At the line containing "datatype spt = Aff", begin retyping, and stop after the last line of the data; add nothing.

=== Begin Enclosure ===

(* Let $\mathcal{G}=\langle S,A,T,s_0,F\rangle$ be a two-player turn-based deterministic reachability game. For every subset $Z\subseteq\mathrm{Win}_2(\mathcal{G},F)\setminus F$, we have $\mathrm{DSWin}_1(Z,\emptyset)\subseteq\mathrm{DSWin}_1(\emptyset,Z)$.
   Context: A two-player turn-based deterministic reachability game is a tuple $\mathcal{G}=\langle S,A,T,s_0,F\rangle$: $S$ finite, partitioned into P1 states $S_1$ and P2 states $S_2$; $A=A_1\cup A_2$ (P1 and P2 actions); $T:(S_1\times A_1)\cup(S_2\times A_2)\to S$ deterministic, possibly partial ($a$ enabled at $s$ iff $T(s,a)$ defined; every state has an enabled action); $s_0$ initial; $F\subseteq S$ a set of sink states (P2's goal). For a target $R\subseteq S$: $Z_0=R$, $Z_{k+1}=Z_k\cup\{s\in S_1:T(s,a)\in Z_k\ \forall\text{ enabled }a\}\cup\{s\in S_2:T(s,a)\in Z_k\text{ for some enabled }a\}$; $\mathrm{Win}_2(\mathcal{G},R)=\bigcup_kZ_k$; $\mathrm{rank}_{\mathcal{G},R}(s)=\min\{k:s\in Z_k\}$ ($\infty$ if none). For disjoint $X,Y\subseteq\mathrm{Win}_2(\mathcal{G},F)\setminus F$ (traps $X$, fake targets $Y$): the true game $\mathcal{G}^1_{X,Y}$ has states $S$, transitions $T_{X,Y}(q,a)=T(q,a)$ if $q\notin X\cup Y$ and $T_{X,Y}(q,a)=q$ if $q\in X\cup Y$; P2's perceptual game $\mathcal{G}^2_{X,Y}$ has transitions $T$ and goal $F\cup Y$, with $\mathrm{rank}_{\mathcal{G}^2_{X,Y}}:=\mathrm{rank}_{\mathcal{G},F\cup Y}$. Subjectively rationalizable actions: for $q\in S_2\cap\mathrm{Win}_2(\mathcal{G},F)\setminus(F\cup Y)$, $\mathsf{SRActs}_{X,Y}(q)=\{a\text{ enabled}:\mathrm{rank}_{\mathcal{G}^2_{X,Y}}(T(q,a))<\mathrm{rank}_{\mathcal{G}^2_{X,Y}}(q)\}$; at every other state, all enabled actions. A memoryless deterministic strategy of either player is subjectively rationalizable if it picks an action in $\mathsf{SRActs}_{X,Y}(q)$ at each of that player's states $q$. A memoryless deterministic P1 strategy $\pi_1$ is stealthy deceptive sure winning at $s$ if it is subjectively rationalizable and, for every subjectively rationalizable memoryless deterministic P2 strategy $\pi_2$, every path from $s$ generated by $(\pi_1,\pi_2)$ in the true game $\mathcal{G}^1_{X,Y}$ visits $X\cup Y$ within finitely many steps. $\mathrm{DSWin}_1(X,Y)$ is the set of states at which P1 has a stealthy deceptive sure winning strategy. *)

theory Defs
  imports Main "HOL-Library.Extended_Nat"
begin

text \<open>Two-player turn-based deterministic reachability game
  G = (S, A, T, s0, F), with S partitioned into S1 (P1) and S2 (P2),
  A = A1 \<union> A2, and a partial deterministic transition function T
  (None = action not enabled).\<close>

record ('s, 'a) game =
  St  :: "'s set"
  S1  :: "'s set"
  S2  :: "'s set"
  A1  :: "'a set"
  A2  :: "'a set"
  Tr  :: "'s \<Rightarrow> 'a \<Rightarrow> 's option"
  s0  :: "'s"
  Fin :: "'s set"

definition enabled :: "('s, 'a) game \<Rightarrow> 's \<Rightarrow> 'a \<Rightarrow> bool" where
  "enabled G s a \<longleftrightarrow> Tr G s a \<noteq> None"

definition wf_game :: "('s, 'a) game \<Rightarrow> bool" where
  "wf_game G \<longleftrightarrow>
     finite (St G) \<and> S1 G \<union> S2 G = St G \<and> S1 G \<inter> S2 G = {} \<and>
     (\<forall>s a. Tr G s a \<noteq> None \<longrightarrow> (s \<in> S1 G \<and> a \<in> A1 G) \<or> (s \<in> S2 G \<and> a \<in> A2 G)) \<and>
     (\<forall>s a t. Tr G s a = Some t \<longrightarrow> t \<in> St G) \<and>
     (\<forall>s \<in> St G. \<exists>a. enabled G s a) \<and>
     s0 G \<in> St G \<and> Fin G \<subseteq> St G \<and>
     \<comment> \<open>states in F are sinks\<close>
     (\<forall>f \<in> Fin G. \<forall>a t. Tr G f a = Some t \<longrightarrow> t = f)"

fun attr :: "('s, 'a) game \<Rightarrow> 's set \<Rightarrow> nat \<Rightarrow> 's set" where
  "attr G R 0 = R"
| "attr G R (Suc k) = attr G R k
     \<union> {s \<in> S1 G. \<forall>a t. Tr G s a = Some t \<longrightarrow> t \<in> attr G R k}
     \<union> {s \<in> S2 G. \<exists>a t. Tr G s a = Some t \<and> t \<in> attr G R k}"

definition Win2 :: "('s, 'a) game \<Rightarrow> 's set \<Rightarrow> 's set" where
  "Win2 G R = (\<Union>k. attr G R k)"

definition rank :: "('s, 'a) game \<Rightarrow> 's set \<Rightarrow> 's \<Rightarrow> enat" where
  "rank G R s = (if \<exists>k. s \<in> attr G R k then enat (LEAST k. s \<in> attr G R k) else \<infinity>)"

text \<open>Subjectively rationalizable actions (perceptual game: transitions T, goal F \<union> Y).\<close>
definition SRActs :: "('s, 'a) game \<Rightarrow> 's set \<Rightarrow> 's set \<Rightarrow> 's \<Rightarrow> 'a set" where
  "SRActs G X Y q =
     (if q \<in> S2 G \<inter> Win2 G (Fin G) - (Fin G \<union> Y)
      then {a. \<exists>t. Tr G q a = Some t \<and> rank G (Fin G \<union> Y) t < rank G (Fin G \<union> Y) q}
      else {a. enabled G q a})"

definition sr_strategy1 :: "('s, 'a) game \<Rightarrow> 's set \<Rightarrow> 's set \<Rightarrow> ('s \<Rightarrow> 'a) \<Rightarrow> bool" where
  "sr_strategy1 G X Y \<pi> \<longleftrightarrow> (\<forall>q \<in> S1 G. \<pi> q \<in> SRActs G X Y q)"

definition sr_strategy2 :: "('s, 'a) game \<Rightarrow> 's set \<Rightarrow> 's set \<Rightarrow> ('s \<Rightarrow> 'a) \<Rightarrow> bool" where
  "sr_strategy2 G X Y \<pi> \<longleftrightarrow> (\<forall>q \<in> S2 G. \<pi> q \<in> SRActs G X Y q)"

definition Tr_true :: "('s, 'a) game \<Rightarrow> 's set \<Rightarrow> 's set \<Rightarrow> 's \<Rightarrow> 'a \<Rightarrow> 's option" where
  "Tr_true G X Y q a =
     (if q \<in> X \<union> Y then (if enabled G q a then Some q else None) else Tr G q a)"

definition is_play :: "('s, 'a) game \<Rightarrow> 's set \<Rightarrow> 's set \<Rightarrow> ('s \<Rightarrow> 'a) \<Rightarrow> ('s \<Rightarrow> 'a)
                        \<Rightarrow> 's \<Rightarrow> (nat \<Rightarrow> 's) \<Rightarrow> bool" where
  "is_play G X Y \<pi>1 \<pi>2 s \<rho> \<longleftrightarrow>
     \<rho> 0 = s \<and>
     (\<forall>n. Tr_true G X Y (\<rho> n) ((if \<rho> n \<in> S1 G then \<pi>1 else \<pi>2) (\<rho> n)) = Some (\<rho> (Suc n)))"

definition stealthy_dsw :: "('s, 'a) game \<Rightarrow> 's set \<Rightarrow> 's set \<Rightarrow> ('s \<Rightarrow> 'a) \<Rightarrow> 's \<Rightarrow> bool" where
  "stealthy_dsw G X Y \<pi>1 s \<longleftrightarrow>
     sr_strategy1 G X Y \<pi>1 \<and>
     (\<forall>\<pi>2. sr_strategy2 G X Y \<pi>2 \<longrightarrow>
        (\<forall>\<rho>. is_play G X Y \<pi>1 \<pi>2 s \<rho> \<longrightarrow> (\<exists>n. \<rho> n \<in> X \<union> Y)))"

definition DSWin1 :: "('s, 'a) game \<Rightarrow> 's set \<Rightarrow> 's set \<Rightarrow> 's set" where
  "DSWin1 G X Y = {s \<in> St G. \<exists>\<pi>1. stealthy_dsw G X Y \<pi>1 s}"

end

theory Submission
  imports Defs
begin

text \<open>Let W be the attractor of Z for P1 in the game where P2 may only use the actions that are
  subjectively rationalizable when Z are fake targets. Inside W, P1's attractor strategy is stealthy
  deceptive sure winning for the fake targets Z. Outside W, P2 always has such an action leading
  outside W again, and the crux is that this action is also rationalizable when Z are traps: outside
  W the rank towards F is at most the rank towards F \<union> Z (by induction on the attractor levels,
  since P2 can always choose its decreasing move outside W), while at every state it is at least
  that rank, so an action decreasing the rank towards F \<union> Z also decreases the rank towards F. Hence
  against any rationalizable P1 strategy for the traps Z, P2 keeps the play outside W \<supseteq> Z forever.\<close>

lemma finite_subset_UN_incseq:
  fixes f :: "nat \<Rightarrow> 'b set"
  assumes "finite A" "A \<subseteq> (\<Union>k. f k)" "incseq f"
  obtains K where "A \<subseteq> f K"
proof -
  have "f m \<subseteq> f n \<or> f n \<subseteq> f m" for m n
    using nat_le_linear[of m n] monoD[OF \<open>incseq f\<close>] by blast
  then have "subset.chain UNIV (range f)"
    unfolding subset.chain_def by blast
  then show thesis
    using finite_subset_Union_chain[of A "range f" UNIV] assms(1,2) that by blast
qed

lemma wf_gameD:
  assumes "wf_game G"
  shows "finite (St G)" "S1 G \<union> S2 G = St G" "S1 G \<inter> S2 G = {}"
    and "Tr G s a = Some t \<Longrightarrow> t \<in> St G"
    and "s \<in> St G \<Longrightarrow> \<exists>a. enabled G s a"
  using assms unfolding wf_game_def by blast+

lemma wf_game_finite_successors:
  assumes "wf_game G"
  shows "finite {t. \<exists>a. Tr G x a = Some t}"
  using wf_gameD(1,4)[OF assms] by (blast intro: finite_subset)

subsection \<open>Attractors and ranks\<close>

lemma incseq_attr: "incseq (attr G R)"
  unfolding mono_iff_le_Suc by auto
(* Let $G_1,G_2$ be finite groups written additively, $H$ a subgroup of $G_1$, and $k\ge 2$. If there exist a $(G_1,H,k,1)$-BRDF and a $(G_2,k,1)$-HDM, then there exists a $(G_1\times G_2,H\times G_2,k,1)$-BRDF.
   Context: For a finite additive group $G$ with subgroup $H$, a $(G,H,k,\lambda)$-RDF is a collection of $k$-subsets of $G$ (base blocks) whose differences $x-y$ ($x\neq y$ in a common base block) cover every element of $G\setminus H$ exactly $\lambda$ times and no element of $H$. A $(G,H,k,\lambda)$-BRDF is such an RDF in which all base blocks are disjoint from $H$ and the base blocks together with their negatives $-B=\{-b:b\in B\}$ are pairwise disjoint. For a group $G$ of order $g$, a $(G,k,1)$ difference matrix is a $k\times g$ matrix with entries in $G$ such that, for any two distinct rows, the entrywise difference is a permutation of $G$; it is homogeneous (an HDM) if moreover every row is a permutation of $G$. *)

theory Defs
  imports Main "HOL-Library.Product_Plus"
begin

text \<open>Finite groups written additively are modelled as types of class
  finite and ab_group_add; the group G is the whole type (UNIV).\<close>

definition additive_subgroup :: "'a::ab_group_add set \<Rightarrow> bool" where
  "additive_subgroup H \<longleftrightarrow> 0 \<in> H \<and> (\<forall>x\<in>H. \<forall>y\<in>H. x + y \<in> H) \<and> (\<forall>x\<in>H. - x \<in> H)"

definition diff_count :: "'a::ab_group_add set list \<Rightarrow> 'a \<Rightarrow> nat" where
  "diff_count F g = (\<Sum>B\<leftarrow>F. card {(x, y). x \<in> B \<and> y \<in> B \<and> x \<noteq> y \<and> x - y = g})"

definition is_rdf :: "'a::{finite,ab_group_add} set \<Rightarrow> nat \<Rightarrow> nat \<Rightarrow> 'a set list \<Rightarrow> bool" where
  "is_rdf H k lam F \<longleftrightarrow>
     (\<forall>B\<in>set F. card B = k) \<and>
     (\<forall>g. g \<notin> H \<longrightarrow> diff_count F g = lam) \<and>
     (\<forall>g. g \<in> H \<longrightarrow> diff_count F g = 0)"
(* Let $G$ be a finite group and $C$ a conjugacy class of $G$, $C\ne\{1\}$, whose elements generate $G$. Then the power series $\chi_{(G,C)}(t)=\sum_{k\ge0}h_kt^k$ is a rational function of $t$, where $h_k$ is the number of elements $s\in S(G,C)^G_{\mathbf 1}$ of length $k$.
   Context: The factorization semigroup $S(G,C)$ is generated by symbols $x_g$, $g\in C$, subject to $x_{g_1}x_{g_2}=x_{g_2}x_{g_2^{-1}g_1g_2}=x_{g_1g_2g_1^{-1}}x_{g_1}$ ($g_1,g_2\in C$); $\alpha_G:S(G,C)\to G$, $x_g\mapsto g$. The length of $s$ is the number of factors in any expression of $s$ as a product of the $x_g$. For $s=x_{g_1}\cdots x_{g_n}$, $G_s$ is the subgroup generated by $g_1,\dots,g_n$ (well defined). $S(G,C)^G_{\mathbf 1}=\{s: G_s=G,\ \alpha_G(s)=1\}$. *)

theory Defs
  imports "HOL-Algebra.Algebra" "HOL-Computational_Algebra.Polynomial_FPS"
begin

definition word_prod :: "('a, 'b) monoid_scheme \<Rightarrow> 'a list \<Rightarrow> 'a" where
  "word_prod G w = foldr (\<lambda>x y. x \<otimes>\<^bsub>G\<^esub> y) w \<one>\<^bsub>G\<^esub>"

definition fact_step :: "('a, 'b) monoid_scheme \<Rightarrow> 'a set \<Rightarrow> ('a list \<times> 'a list) set" where
  "fact_step G C =
     {(u @ [g1, g2] @ v, u @ [g2, inv\<^bsub>G\<^esub> g2 \<otimes>\<^bsub>G\<^esub> g1 \<otimes>\<^bsub>G\<^esub> g2] @ v) | u v g1 g2. g1 \<in> C \<and> g2 \<in> C}
   \<union> {(u @ [g1, g2] @ v, u @ [g1 \<otimes>\<^bsub>G\<^esub> g2 \<otimes>\<^bsub>G\<^esub> inv\<^bsub>G\<^esub> g1, g1] @ v) | u v g1 g2. g1 \<in> C \<and> g2 \<in> C}"

text \<open>The congruence defining S(G,C): words in C are identified iff they are connected
  by a finite chain of applications of the relations (in either direction).\<close>
definition fact_equiv :: "('a, 'b) monoid_scheme \<Rightarrow> 'a set \<Rightarrow> ('a list \<times> 'a list) set" where
  "fact_equiv G C = (fact_step G C \<union> (fact_step G C)\<inverse>)\<^sup>*"

text \<open>Words of length k representing elements s of S(G,C) with G_s = G and alpha(s) = 1.\<close>
definition words_G_one :: "('a, 'b) monoid_scheme \<Rightarrow> 'a set \<Rightarrow> nat \<Rightarrow> 'a list set" where
  "words_G_one G C k = {w. length w = k \<and> set w \<subseteq> C \<and> word_prod G w = \<one>\<^bsub>G\<^esub>
                           \<and> generate G (set w) = carrier G}"

definition h_count :: "('a, 'b) monoid_scheme \<Rightarrow> 'a set \<Rightarrow> nat \<Rightarrow> nat" where
  "h_count G C k = card (words_G_one G C k // fact_equiv G C)"

definition conj_class :: "('a, 'b) monoid_scheme \<Rightarrow> 'a \<Rightarrow> 'a set" where
  "conj_class G c = {g \<otimes>\<^bsub>G\<^esub> c \<otimes>\<^bsub>G\<^esub> inv\<^bsub>G\<^esub> g | g. g \<in> carrier G}"

definition rational_fps :: "'k::field fps \<Rightarrow> bool" where
  "rational_fps F \<longleftrightarrow> (\<exists>p q :: 'k poly. q \<noteq> 0 \<and> fps_of_poly q * F = fps_of_poly p)"

end

theory Submission
  imports Defs "HOL-Algebra.Multiplicative_Group"
begin

text \<open>Let \<open>d = |G|\<close>, so \<open>x\<^sup>d = 1\<close> for all \<open>x\<close>. A word of length \<open>k + d\<close> with
  \<open>k \<ge> |C| d\<close> contains some letter \<open>b\<close> more than \<open>d\<close> times. Moving these occurrences to the
  front (conjugating the letters they pass) shows that it is equivalent to \<open>b\<^sup>d w\<close>, where \<open>w\<close>
  again has product \<open>1\<close> and generates \<open>G\<close>. As \<open>w\<close> generates \<open>G\<close>, the block \<open>b\<^sup>d\<close> can be
  replaced by \<open>a\<^sup>d\<close> for a fixed \<open>a \<in> C\<close> (Kulikov's argument), so \<open>s \<mapsto> x\<^sub>a\<^sup>d s\<close> maps the
  elements of length \<open>k\<close> onto those of length \<open>k + d\<close>. Hence \<open>h (k + d) \<le> h k\<close> for large \<open>k\<close>,
  the sequence \<open>h\<close> is eventually periodic, and \<open>(1 - t\<^sup>d) \<chi>(t)\<close> is a polynomial.\<close>

lemma word_prod_Nil [simp]: "word_prod G [] = \<one>\<^bsub>G\<^esub>"
  by (simp add: word_prod_def)

lemma word_prod_Cons [simp]: "word_prod G (x # w) = x \<otimes>\<^bsub>G\<^esub> word_prod G w"
  by (simp add: word_prod_def)
definition pointed_pairs :: "nat \<Rightarrow> (nat \<Rightarrow> 'a) set" where
  "pointed_pairs j = {c\<in>C. c j = 1 \<and> card (supp c - {j}) = 1}"

lemma codewords_at_dist_1_from_unit_vec:
  "{c\<in>C. hdist (unit_vec j) c = 1} = insert 0 (pointed_pairs j)"
proof -
  have "hdist (unit_vec j) c = 1 \<longleftrightarrow> c = 0 \<or> c \<in> pointed_pairs j" if c: "c \<in> C" for c
  proof (cases "c j = 1")
    case True
    then have "c \<noteq> 0" by auto
    then show ?thesis
      using True c hdist_unit_vec[OF finite_supp[OF c]] by (simp add: pointed_pairs_def)
  next
    case False
    have "card (supp c - {j}) = 0 \<longleftrightarrow> supp c \<subseteq> {j}"
      using finite_supp[OF c] by auto
    also have "\<dots> \<longleftrightarrow> c = 0"
      using codeword_eq_0_if_supp_subset_singleton[OF c] by (auto simp: supp_def)
    finally show ?thesis
      using False c hdist_unit_vec[OF finite_supp[OF c]] by (simp add: pointed_pairs_def)
  qed
  then show ?thesis using zero_in_code by (auto simp: pointed_pairs_def)
qed

lemma pointed_pairs_supp:
  assumes "c \<in> pointed_pairs j"
  obtains i where "i \<noteq> j" "supp c = {i, j}" "supp c - {j} = {i}"
proof -
  from assms have "card (supp c - {j}) = 1" "c j = 1" by (simp_all add: pointed_pairs_def)
  then obtain i where i: "supp c - {j} = {i}" by (elim card_1_singletonE)
  have "j \<in> supp c" using \<open>c j = 1\<close> by (simp add: supp_def)
  then have "supp c = {i, j}" using i by blast
  moreover have "i \<noteq> j" using i by blast
  ultimately show ?thesis using i that by blast
qed
(* Every real member of the pencil $|D_{\rm L}|$, $D_{\rm L}=r_1+\dots+r_n$, contains exactly one point $q$ of the central circle $\Sigma^\sigma_n$, and $q$ is not a multiple point of that member.
   Context: Fix $n\ge2$, reals $a_1<\dots<a_{2n}$, $f(z)=\prod(z-a_i)$. $\Sigma$ is the hyperelliptic curve $v^2=f(z)$ in the total space of $\mathscr O_{\mathbb{P}^1}(n)$ (equivalently, in the cone over a rational normal curve $\Lambda\subset\mathbb{P}^n$ of degree $n$), of genus $n-1$, with double covering $\pi:\Sigma\to\mathbb{P}^1$, $(v,z)\mapsto z$, ramification points $r_i$ over $a_i$, and real structure $\sigma(v,z)=((-1)^n\bar v,\bar z)$. $|D_{\rm L}|$ is a pencil (with $D_{\rm L}\sim r_{n+1}+\dots+r_{2n}$), and it carries the real structure induced by $\sigma$; real members are $\sigma$-invariant members. The central circle is $\Sigma^\sigma_n:=\pi^{-1}([a_n,a_{n+1}])$, which is pointwise fixed by $\sigma$. *)

theory Defs
  imports "HOL-Complex_Analysis.Complex_Analysis" "HOL-Computational_Algebra.Polynomial"
begin

text \<open>Points of the compact hyperelliptic curve Sigma: v^2 = f(z) in the total space of O(n).
  Aff v z is the point with fibre coordinate v over z in the affine chart; Inf u is the point
  over z = infinity with fibre coordinate u = v w^n, w = 1/z (so u = 1 or u = -1).\<close>
datatype spt = Aff complex complex | Inf complex

definition hf :: "nat \<Rightarrow> (nat \<Rightarrow> real) \<Rightarrow> complex \<Rightarrow> complex" where
  "hf n a z = (\<Prod>i=1..2*n. z - complex_of_real (a i))"

definition Sigma_pts :: "nat \<Rightarrow> (nat \<Rightarrow> real) \<Rightarrow> spt set" where
  "Sigma_pts n a = {Aff v z | v z. v ^ 2 = hf n a z} \<union> {Inf 1, Inf (-1)}"

text \<open>Explicit local uniformizing parameter t at each point, returning the affine
  coordinates (v,z) of the point with parameter t (for t near 0, t \<noteq> 0 at infinity).\<close>
fun chart :: "nat \<Rightarrow> (nat \<Rightarrow> real) \<Rightarrow> spt \<Rightarrow> complex \<Rightarrow> complex \<times> complex" where
  "chart n a (Aff v0 z0) =
     (if v0 \<noteq> 0 then (\<lambda>t. (v0 * csqrt (hf n a (z0 + t) / v0 ^ 2), z0 + t))
      else (\<lambda>t. let J = {j \<in> {1..2*n}. complex_of_real (a j) \<noteq> z0};
                    c = (\<Prod>j\<in>J. z0 - complex_of_real (a j));
                    hh = (\<Prod>j\<in>J. z0 + t ^ 2 - complex_of_real (a j))
                in (t * csqrt c * csqrt (hh / c), z0 + t ^ 2)))"
| "chart n a (Inf u0) =
     (\<lambda>t. (u0 * csqrt (\<Prod>j=1..2*n. 1 - complex_of_real (a j) * t) / t ^ n, 1 / t))"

=== End Enclosure ===

* **WRITTEN SOLUTION**:
datatype spt = Aff complex complex | Inf complex

definition hf :: "nat \<Rightarrow> (nat \<Rightarrow> real) \<Rightarrow> complex \<Rightarrow> complex" where
  "hf n a z = (\<Prod>i=1..2*n. z - complex_of_real (a i))"

definition Sigma_pts :: "nat \<Rightarrow> (nat \<Rightarrow> real) \<Rightarrow> spt set" where
  "Sigma_pts n a = {Aff v z | v z. v ^ 2 = hf n a z} \<union> {Inf 1, Inf (-1)}"

text \<open>Explicit local uniformizing parameter t at each point, returning the affine
  coordinates (v,z) of the point with parameter t (for t near 0, t \<noteq> 0 at infinity).\<close>
fun chart :: "nat \<Rightarrow> (nat \<Rightarrow> real) \<Rightarrow> spt \<Rightarrow> complex \<Rightarrow> complex \<times> complex" where
  "chart n a (Aff v0 z0) =
     (if v0 \<noteq> 0 then (\<lambda>t. (v0 * csqrt (hf n a (z0 + t) / v0 ^ 2), z0 + t))
      else (\<lambda>t. let J = {j \<in> {1..2*n}. complex_of_real (a j) \<noteq> z0};
                    c = (\<Prod>j\<in>J. z0 - complex_of_real (a j));
                    hh = (\<Prod>j\<in>J. z0 + t ^ 2 - complex_of_real (a j))
                in (t * csqrt c * csqrt (hh / c), z0 + t ^ 2)))"
| "chart n a (Inf u0) =
     (\<lambda>t. (u0 * csqrt (\<Prod>j=1..2*n. 1 - complex_of_real (a j) * t) / t ^ n, 1 / t))"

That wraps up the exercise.